* [How to complete this task]: Copy the lines exactly. Begin at the first line of the data and stop after the line with "(* Let $d\ge1$, let".

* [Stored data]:
(* Let $\Omega=(a,b)$, let $S_h$ be a finite-dimensional subspace of $L^2(\Omega)$ and $\mathbf L_h:S_h\to S_h$ a linear operator that is self-adjoint and positive definite with respect to the $L^2(\Omega)$ inner product. Let $0<\gamma<1$, $K_\gamma>0$, $t>0$, $\sigma>0$, $\tau_1>0$, $N_1$ a positive integer and $\beta\in\mathbb R$. Set $z(p)=\sigma(ip+1)^2$ for $p\in\mathbb R$, $p_k=k\tau_1$, $z_k=z(p_k)$, $z_k'=z'(p_k)$, and for $v\in S_h$ define $$\Pi_{N_1}^{\gamma,\beta}v=\frac{t^{\beta-1}\tau_1}{2\pi i}\sum_{k=-N_1}^{N_1}z_k'e^{z_k}z_k^{\gamma-\beta}\left(z_k^{\gamma}\mathbf I+K_\gamma t^\gamma\mathbf L_h\right)^{-1}v,$$ with principal branches of the powers. If $\beta\ge\frac12$ and $\tau_1\le1$, then $$\left\|\Pi_{N_1}^{\gamma,\beta}v\right\|_{L^2(\Omega)}\lesssim\frac{t^{\beta-1}}{2\pi}e^{\sigma}\sigma^{-\beta+1}\|v\|_{L^2(\Omega)}\quad\text{for all }v\in S_h,$$ where the implicit constant is independent of $v$, $t$, $N_1$ and $\tau_1$.
   Context: $A\lesssim B$ means $A\le CB$ for a constant $C$ not depending on the quantities indicated. *)

theory Defs
  imports "HOL-Analysis.Analysis"
begin

text \<open>The finite-dimensional subspace S_h of L^2(a,b), with the L^2 inner product,
  is represented through an L^2-orthonormal basis, i.e. as complex^'n with the
  standard Hermitian inner product (whose induced norm is the library norm on vectors).
  The operator L_h is then a matrix.\<close>

definition cinner_vec :: "complex^'n \<Rightarrow> complex^'n \<Rightarrow> complex" where
  "cinner_vec x y = (\<Sum>i\<in>UNIV. cnj (x$i) * y$i)"

definition self_adjoint_mat :: "complex^'n^'n \<Rightarrow> bool" where
  "self_adjoint_mat A \<longleftrightarrow> (\<forall>x y. cinner_vec x (A *v y) = cinner_vec (A *v x) y)"
(* Let $d\ge1$, let $x_0\neq x_1\in\mathbb{R}^d$ have the same Euclidean norm, let $n_0,\dots,n_{M-1}$ be i.i.d. $\mathcal{N}(0,I_{d\times d})$, and let $\hat{x}_0,\hat{x}_1$ be the output of the soft-assignment algorithm with templates $x_0,x_1$. Then, almost surely as $M\to\infty$, $\hat{x}_0\to 2\,\mathbb{E}\left[\frac{n}{1+\exp(\langle n,x_1-x_0\rangle)}\right]$ and $\hat{x}_1\to-2\,\mathbb{E}\left[\frac{n}{1+\exp(\langle n,x_1-x_0\rangle)}\right]$, where $n\sim\mathcal{N}(0,I_{d\times d})$.
   Context: Soft-assignment algorithm: $p_i^{(\ell)}=\frac{\exp(\langle n_i,x_\ell\rangle)}{\exp(\langle n_i,x_0\rangle)+\exp(\langle n_i,x_1\rangle)}$ for $\ell\in\{0,1\}$, and $\hat{x}_\ell=\frac{\sum_{i=0}^{M-1}p_i^{(\ell)}n_i}{\sum_{i=0}^{M-1}p_i^{(\ell)}}$. *)

theory Defs
  imports "HOL-Probability.Probability"
begin

definition std_gauss_density :: "real ^ 'd \<Rightarrow> real" where
  "std_gauss_density x = (2 * pi) powr (- real CARD('d) / 2) * exp (- (norm x)\<^sup>2 / 2)"

definition std_gauss_vec :: "(real ^ 'd) measure" where
  "std_gauss_vec = density lborel (\<lambda>x. ennreal (std_gauss_density x))"

text \<open>Soft-assignment weight p^(l) of a sample n for template xl (xl is x0 or x1).\<close>
definition soft_weight :: "real ^ 'd \<Rightarrow> real ^ 'd \<Rightarrow> real ^ 'd \<Rightarrow> real ^ 'd \<Rightarrow> real" where
  "soft_weight x0 x1 xl n = exp (n \<bullet> xl) / (exp (n \<bullet> x0) + exp (n \<bullet> x1))"

definition soft_est :: "real ^ 'd \<Rightarrow> real ^ 'd \<Rightarrow> real ^ 'd \<Rightarrow> (nat \<Rightarrow> real ^ 'd) \<Rightarrow> nat \<Rightarrow> real ^ 'd" where
  "soft_est x0 x1 xl ns m =
     (\<Sum>i<m. soft_weight x0 x1 xl (ns i) *\<^sub>R ns i) /\<^sub>R (\<Sum>i<m. soft_weight x0 x1 xl (ns i))"

end

theory Submission
  imports Defs "HOL-Library.Discrete_Functions"
begin

(*
  The weight of template x0 is the logistic function p(n) = 1 / (1 + exp <n, x1 - x0>), and the
  weight of x1 is p(-n) = 1 - p(n). Dividing numerator and denominator of each estimate by M,
  both converge almost surely by the strong law of large numbers. Since N(0, I) is symmetric,
  E p(n) = 1/2 and E [p(-n) n] = - E [p(n) n], which gives the limits +-2 E [p(n) n].

  The strong law is proved for nonnegative, square-integrable, pairwise uncorrelated summands
  with common first and second moments: the average of the first k^2 summands has variance
  O(1/k^2), which is summable, so Chebyshev's inequality and Borel-Cantelli give convergence
  along the squares, and monotonicity of the partial sums fills the gaps. General
  summands are split into positive and negative parts, vectors into coordinates.
*)

lemma filterlim_floor_sqrt_at_top: "filterlim floor_sqrt at_top sequentially"
  unfolding filterlim_at_top
  by (metis eventually_sequentiallyI le_floor_sqrtI)

lemma mono_div_floor_sqrt_bounds:
  fixes a :: "nat \<Rightarrow> real"
  assumes mono: "mono a" and nonneg: "\<And>m. 0 \<le> a m" and "1 \<le> m"
  shows "a (floor_sqrt m ^ 2) / real (Suc (floor_sqrt m) ^ 2) \<le> a m / real m"
    and "a m / real m \<le> a (Suc (floor_sqrt m) ^ 2) / real (floor_sqrt m ^ 2)"
proof -
  let ?s = "floor_sqrt m"
  have below: "?s\<^sup>2 \<le> m" and above: "m \<le> Suc ?s ^ 2" and "0 < ?s"
    using \<open>1 \<le> m\<close> Suc_floor_sqrt_power2_gt[of m] by auto
  then have "real (?s\<^sup>2) \<le> real m" "real m \<le> real (Suc ?s ^ 2)" "0 < real (?s\<^sup>2)" "0 < real m"
    using \<open>1 \<le> m\<close> by (simp_all only: of_nat_le_iff of_nat_0_less_iff zero_less_power)
  then show "a (?s ^ 2) / real (Suc ?s ^ 2) \<le> a m / real m"
    and "a m / real m \<le> a (Suc ?s ^ 2) / real (?s ^ 2)"
    by (auto intro!: frac_le monoD[OF mono below] monoD[OF mono above] nonneg)
qed

lemma LIMSEQ_div_of_LIMSEQ_squares:
  fixes a :: "nat \<Rightarrow> real"
  assumes mono: "mono a" and nonneg: "\<And>m. 0 \<le> a m"
    and squares: "(\<lambda>k. a (k\<^sup>2) / real (k\<^sup>2)) \<longlonglongrightarrow> \<mu>"
  shows "(\<lambda>m. a m / real m) \<longlonglongrightarrow> \<mu>"
proof -
  have ratio: "(\<lambda>k. (real k / real (Suc k))\<^sup>2) \<longlonglongrightarrow> 1"
    using tendsto_power[OF LIMSEQ_n_over_Suc_n, of 2] by simp
  have ratio': "(\<lambda>k. (real (Suc k) / real k)\<^sup>2) \<longlonglongrightarrow> 1"
    using tendsto_power[OF LIMSEQ_Suc_n_over_n, of 2] by simp
  have "(\<lambda>k. a (k\<^sup>2) / real (k\<^sup>2) * (real k / real (Suc k))\<^sup>2) \<longlonglongrightarrow> \<mu>"
    using tendsto_mult[OF squares ratio] by simp
  then have lower: "(\<lambda>k. a (k\<^sup>2) / real (Suc k ^ 2)) \<longlonglongrightarrow> \<mu>"
    by (rule Lim_transform_eventually, intro eventually_sequentiallyI[of 1])
      (simp add: field_simps power2_eq_square)
  have "(\<lambda>k. a (Suc k ^ 2) / real (Suc k ^ 2) * (real (Suc k) / real k)\<^sup>2) \<longlonglongrightarrow> \<mu>"
    using tendsto_mult[OF LIMSEQ_Suc[OF squares] ratio'] by simp
  then have upper: "(\<lambda>k. a (Suc k ^ 2) / real (k\<^sup>2)) \<longlonglongrightarrow> \<mu>"
    by (rule Lim_transform_eventually, intro eventually_sequentiallyI[of 1])
      (simp add: power_divide del: of_nat_Suc)
  show ?thesis
  proof (rule tendsto_sandwich)
    show "(\<lambda>m. a (floor_sqrt m ^ 2) / real (Suc (floor_sqrt m) ^ 2)) \<longlonglongrightarrow> \<mu>"
      using filterlim_compose[OF lower filterlim_floor_sqrt_at_top] .
    show "(\<lambda>m. a (Suc (floor_sqrt m) ^ 2) / real (floor_sqrt m ^ 2)) \<longlonglongrightarrow> \<mu>"
      using filterlim_compose[OF upper filterlim_floor_sqrt_at_top] .
  qed (intro eventually_sequentiallyI[of 1] mono_div_floor_sqrt_bounds[OF mono nonneg], assumption)+
qed

lemma LIMSEQ_scaleR_ratio:
  fixes A :: "nat \<Rightarrow> 'a::real_normed_vector" and B :: "nat \<Rightarrow> real"
  assumes "(\<lambda>m. A m /\<^sub>R real m) \<longlonglongrightarrow> a" and "(\<lambda>m. B m / real m) \<longlonglongrightarrow> b" and "b \<noteq> 0"
  shows "(\<lambda>m. A m /\<^sub>R B m) \<longlonglongrightarrow> a /\<^sub>R b"
proof -
  have "(\<lambda>m. inverse (B m / real m) *\<^sub>R (A m /\<^sub>R real m)) \<longlonglongrightarrow> inverse b *\<^sub>R a"
    by (intro tendsto_scaleR tendsto_inverse assms)
  then show ?thesis
    by (rule Lim_transform_eventually, intro eventually_sequentiallyI[of 1])
      (simp add: inverse_eq_divide)
qed

lemma integrable_mult_of_square_integrable:
  fixes f g :: "'a \<Rightarrow> real"
  assumes [measurable]: "f \<in> borel_measurable M" "g \<in> borel_measurable M"
    and "integrable M (\<lambda>x. (f x)\<^sup>2)" "integrable M (\<lambda>x. (g x)\<^sup>2)"
  shows "integrable M (\<lambda>x. f x * g x)"
proof (rule Bochner_Integration.integrable_bound)
  show "integrable M (\<lambda>x. (f x)\<^sup>2 + (g x)\<^sup>2)"
    using assms by simp
  have "\<bar>a * b\<bar> \<le> a\<^sup>2 + b\<^sup>2" for a b :: real
  proof -
    have "\<bar>a * b\<bar> \<le> 2 * \<bar>a\<bar> * \<bar>b\<bar>"
      by (simp add: abs_mult)
    also have "\<dots> \<le> a\<^sup>2 + b\<^sup>2"
      using sum_squares_bound[of "\<bar>a\<bar>" "\<bar>b\<bar>"] by simp
    finally show ?thesis .
  qed
  then show "AE x in M. norm (f x * g x) \<le> norm ((f x)\<^sup>2 + (g x)\<^sup>2)"
    by simp
qed measurable

lemma AE_LIMSEQ_of_AE_eventually_dist_less:
  fixes X :: "nat \<Rightarrow> 'a \<Rightarrow> 'b::metric_space"
  assumes "\<And>\<epsilon>. 0 < \<epsilon> \<Longrightarrow> AE \<omega> in M. eventually (\<lambda>k. dist (X k \<omega>) l < \<epsilon>) sequentially"
  shows "AE \<omega> in M. (\<lambda>k. X k \<omega>) \<longlonglongrightarrow> l"
proof -
  have "AE \<omega> in M. \<forall>r::nat. eventually (\<lambda>k. dist (X k \<omega>) l < inverse (Suc r)) sequentially"
    using assms by (subst AE_all_countable) simp
  then show ?thesis
  proof (rule eventually_mono)
    fix \<omega> assume close: "\<forall>r::nat. eventually (\<lambda>k. dist (X k \<omega>) l < inverse (Suc r)) sequentially"
    show "(\<lambda>k. X k \<omega>) \<longlonglongrightarrow> l"
    proof (rule tendstoI)
      fix e :: real assume "0 < e"
      then obtain r where "inverse (real (Suc r)) < e"
        using reals_Archimedean by blast
      then show "eventually (\<lambda>k. dist (X k \<omega>) l < e) sequentially"
        using close[rule_format, of r] by (auto elim: eventually_mono)
    qed
  qed
qed

lemma (in prob_space) variance_divide: "variance (\<lambda>\<omega>. X \<omega> / c) = variance X / c\<^sup>2"
  for X :: "'a \<Rightarrow> real"
  by (simp add: power_divide flip: diff_divide_distrib)

lemma (in prob_space) AE_LIMSEQ_of_summable_variance:
  fixes T :: "nat \<Rightarrow> 'a \<Rightarrow> real"
  assumes [measurable]: "\<And>k. T k \<in> borel_measurable M"
    and square_integrable: "\<And>k. integrable M (\<lambda>\<omega>. (T k \<omega>)\<^sup>2)"
    and mean: "\<And>k. expectation (T k) = \<mu>"
    and summable: "summable (\<lambda>k. variance (T k))"
  shows "AE \<omega> in M. (\<lambda>k. T k \<omega>) \<longlonglongrightarrow> \<mu>"
proof (rule AE_LIMSEQ_of_AE_eventually_dist_less)
  fix \<epsilon> :: real assume "0 < \<epsilon>"
  define A where "A k = {\<omega> \<in> space M. \<epsilon> \<le> \<bar>T k \<omega> - \<mu>\<bar>}" for k
  have [measurable]: "A k \<in> events" for k
    unfolding A_def by measurable
  have "prob (A k) \<le> variance (T k) / \<epsilon>\<^sup>2" for k
    using Chebyshev_inequality[OF _ square_integrable \<open>0 < \<epsilon>\<close>] unfolding A_def mean by simp
  then have "summable (\<lambda>k. prob (A k))"
    by (intro summable_comparison_test[OF _ summable_divide[OF summable]]) auto
  then have "AE \<omega> in M. eventually (\<lambda>k. \<omega> \<in> space M - A k) sequentially"
    by (intro borel_cantelli_AE1) (auto simp flip: less_top)
  then show "AE \<omega> in M. eventually (\<lambda>k. dist (T k \<omega>) \<mu> < \<epsilon>) sequentially"
    by eventually_elim (auto elim!: eventually_mono simp: A_def dist_real_def)
qed
lemma deriv_conditions_at_global_min:
  fixes f f' :: "real \<Rightarrow> real"
  assumes f': "\<And>z. (f has_real_derivative f' z) (at z)"
    and f'': "(f' has_real_derivative f2) (at x0)"
    and min: "\<And>z. f x0 \<le> f z"
  shows "f' x0 = 0" and "0 \<le> f2"
proof -
  show crit: "f' x0 = 0"
    using DERIV_local_min[OF f'[of x0], of 1] min by auto
  show "0 \<le> f2"
  proof (rule ccontr)
    assume "\<not> 0 \<le> f2"
    then obtain d where "d > 0" and decr: "\<And>h. 0 < h \<Longrightarrow> h < d \<Longrightarrow> f' (x0 + h) < f' x0"
      using DERIV_neg_dec_right[OF f''] by force
    obtain \<xi> where \<xi>: "x0 < \<xi>" "\<xi> < x0 + d / 2" "f (x0 + d / 2) - f x0 = (x0 + d / 2 - x0) * f' \<xi>"
      using MVT2[of x0 "x0 + d / 2" f f'] \<open>d > 0\<close> f' by auto
    have "f' \<xi> < 0"
      using decr[of "\<xi> - x0"] \<xi> crit by auto
    then have "(x0 + d / 2 - x0) * f' \<xi> < 0"
      using \<open>d > 0\<close> by (simp add: mult_pos_neg)
    then have "f (x0 + d / 2) < f x0"
      using \<xi>(3) by linarith
    then show False using min[of "x0 + d / 2"] by simp
  qed
qed

lemma deriv_nonpos_at_min_within_interval:
  fixes f :: "real \<Rightarrow> real"
  assumes f': "(f has_real_derivative D) (at t0 within {a..b})"
    and t0: "a < t0" "t0 \<le> b" and min: "\<And>s. s \<in> {a..b} \<Longrightarrow> f t0 \<le> f s"
  shows "D \<le> 0"
proof (rule ccontr)
  assume "\<not> D \<le> 0"
  then obtain e where "e > 0"
    and incr: "\<And>h. 0 < h \<Longrightarrow> t0 - h \<in> {a..b} \<Longrightarrow> h < e \<Longrightarrow> f (t0 - h) < f t0"
    using has_real_derivative_pos_inc_left[OF f'] by force
  define h where "h = min (e / 2) (t0 - a)"
  have "0 < h" "h < e" "t0 - h \<in> {a..b}"
    using \<open>e > 0\<close> t0 by (auto simp: h_def)
  then show False using incr min[of "t0 - h"] by fastforce
qed

lemma continuous_coercive_attains_min_on_strip:
  fixes u :: "real \<Rightarrow> real \<Rightarrow> real"
  assumes cont: "continuous_on (ET T) (\<lambda>(x, t). u x t)"
    and c: "0 < c" and coercive: "\<And>x t. t \<in> {0..T} \<Longrightarrow> c * \<bar>x\<bar> - B \<le> u x t"
    and s: "s \<in> {0..T}"
  obtains x0 t0 where "t0 \<in> {0..T}" "\<And>x t. t \<in> {0..T} \<Longrightarrow> u x0 t0 \<le> u x t"
proof -
  define R where "R = \<bar>u 0 s + B\<bar> / c + 1"
  define S where "S = {-R..R} \<times> {0..T}"
  have "S \<subseteq> ET T" by (auto simp: S_def ET_def)
  then have "continuous_on S (\<lambda>z. u (fst z) (snd z))"
    using continuous_on_subset[OF cont] by (simp add: case_prod_beta)
  moreover have "compact S" unfolding S_def by (intro compact_Times compact_Icc)
  moreover have "(0, s) \<in> S"
    using s c by (auto simp: S_def R_def intro: order_trans[of _ 0])
  ultimately obtain z0 where "z0 \<in> S" and z0: "\<And>z. z \<in> S \<Longrightarrow> u (fst z0) (snd z0) \<le> u (fst z) (snd z)"
    using continuous_attains_inf[of S "\<lambda>z. u (fst z) (snd z)"] by blast
  show thesis
  proof (rule that)
    show "snd z0 \<in> {0..T}" using \<open>z0 \<in> S\<close> by (auto simp: S_def)
    fix x t assume t: "t \<in> {0..T}"
    show "u (fst z0) (snd z0) \<le> u x t"
    proof (cases "\<bar>x\<bar> \<le> R")
      case True
      then show ?thesis using z0[of "(x, t)"] t by (auto simp: S_def abs_le_iff)
    next
      case False
      have "c * R = \<bar>u 0 s + B\<bar> + c"
        using c by (simp add: R_def field_simps)
      then have "u 0 s + B < c * R"
        using c by linarith
      also have "\<dots> \<le> c * \<bar>x\<bar>" using False c by simp
      finally have "u 0 s < u x t" using coercive[OF t, of x] by linarith
      moreover have "u (fst z0) (snd z0) \<le> u 0 s"
        using z0[of "(0, s)"] \<open>(0, s) \<in> S\<close> by simp
      ultimately show ?thesis by simp
    qed
  qed
qed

* [Task answer]:
(* Let $\Omega=(a,b)$, let $S_h$ be a finite-dimensional subspace of $L^2(\Omega)$ and $\mathbf L_h:S_h\to S_h$ a linear operator that is self-adjoint and positive definite with respect to the $L^2(\Omega)$ inner product. Let $0<\gamma<1$, $K_\gamma>0$, $t>0$, $\sigma>0$, $\tau_1>0$, $N_1$ a positive integer and $\beta\in\mathbb R$. Set $z(p)=\sigma(ip+1)^2$ for $p\in\mathbb R$, $p_k=k\tau_1$, $z_k=z(p_k)$, $z_k'=z'(p_k)$, and for $v\in S_h$ define $$\Pi_{N_1}^{\gamma,\beta}v=\frac{t^{\beta-1}\tau_1}{2\pi i}\sum_{k=-N_1}^{N_1}z_k'e^{z_k}z_k^{\gamma-\beta}\left(z_k^{\gamma}\mathbf I+K_\gamma t^\gamma\mathbf L_h\right)^{-1}v,$$ with principal branches of the powers. If $\beta\ge\frac12$ and $\tau_1\le1$, then $$\left\|\Pi_{N_1}^{\gamma,\beta}v\right\|_{L^2(\Omega)}\lesssim\frac{t^{\beta-1}}{2\pi}e^{\sigma}\sigma^{-\beta+1}\|v\|_{L^2(\Omega)}\quad\text{for all }v\in S_h,$$ where the implicit constant is independent of $v$, $t$, $N_1$ and $\tau_1$.
   Context: $A\lesssim B$ means $A\le CB$ for a constant $C$ not depending on the quantities indicated. *)

theory Defs
  imports "HOL-Analysis.Analysis"
begin

text \<open>The finite-dimensional subspace S_h of L^2(a,b), with the L^2 inner product,
  is represented through an L^2-orthonormal basis, i.e. as complex^'n with the
  standard Hermitian inner product (whose induced norm is the library norm on vectors).
  The operator L_h is then a matrix.\<close>

definition cinner_vec :: "complex^'n \<Rightarrow> complex^'n \<Rightarrow> complex" where
  "cinner_vec x y = (\<Sum>i\<in>UNIV. cnj (x$i) * y$i)"

definition self_adjoint_mat :: "complex^'n^'n \<Rightarrow> bool" where
  "self_adjoint_mat A \<longleftrightarrow> (\<forall>x y. cinner_vec x (A *v y) = cinner_vec (A *v x) y)"
(* Let $d\ge1$, let $x_0\neq x_1\in\mathbb{R}^d$ have the same Euclidean norm, let $n_0,\dots,n_{M-1}$ be i.i.d. $\mathcal{N}(0,I_{d\times d})$, and let $\hat{x}_0,\hat{x}_1$ be the output of the soft-assignment algorithm with templates $x_0,x_1$. Then, almost surely as $M\to\infty$, $\hat{x}_0\to 2\,\mathbb{E}\left[\frac{n}{1+\exp(\langle n,x_1-x_0\rangle)}\right]$ and $\hat{x}_1\to-2\,\mathbb{E}\left[\frac{n}{1+\exp(\langle n,x_1-x_0\rangle)}\right]$, where $n\sim\mathcal{N}(0,I_{d\times d})$.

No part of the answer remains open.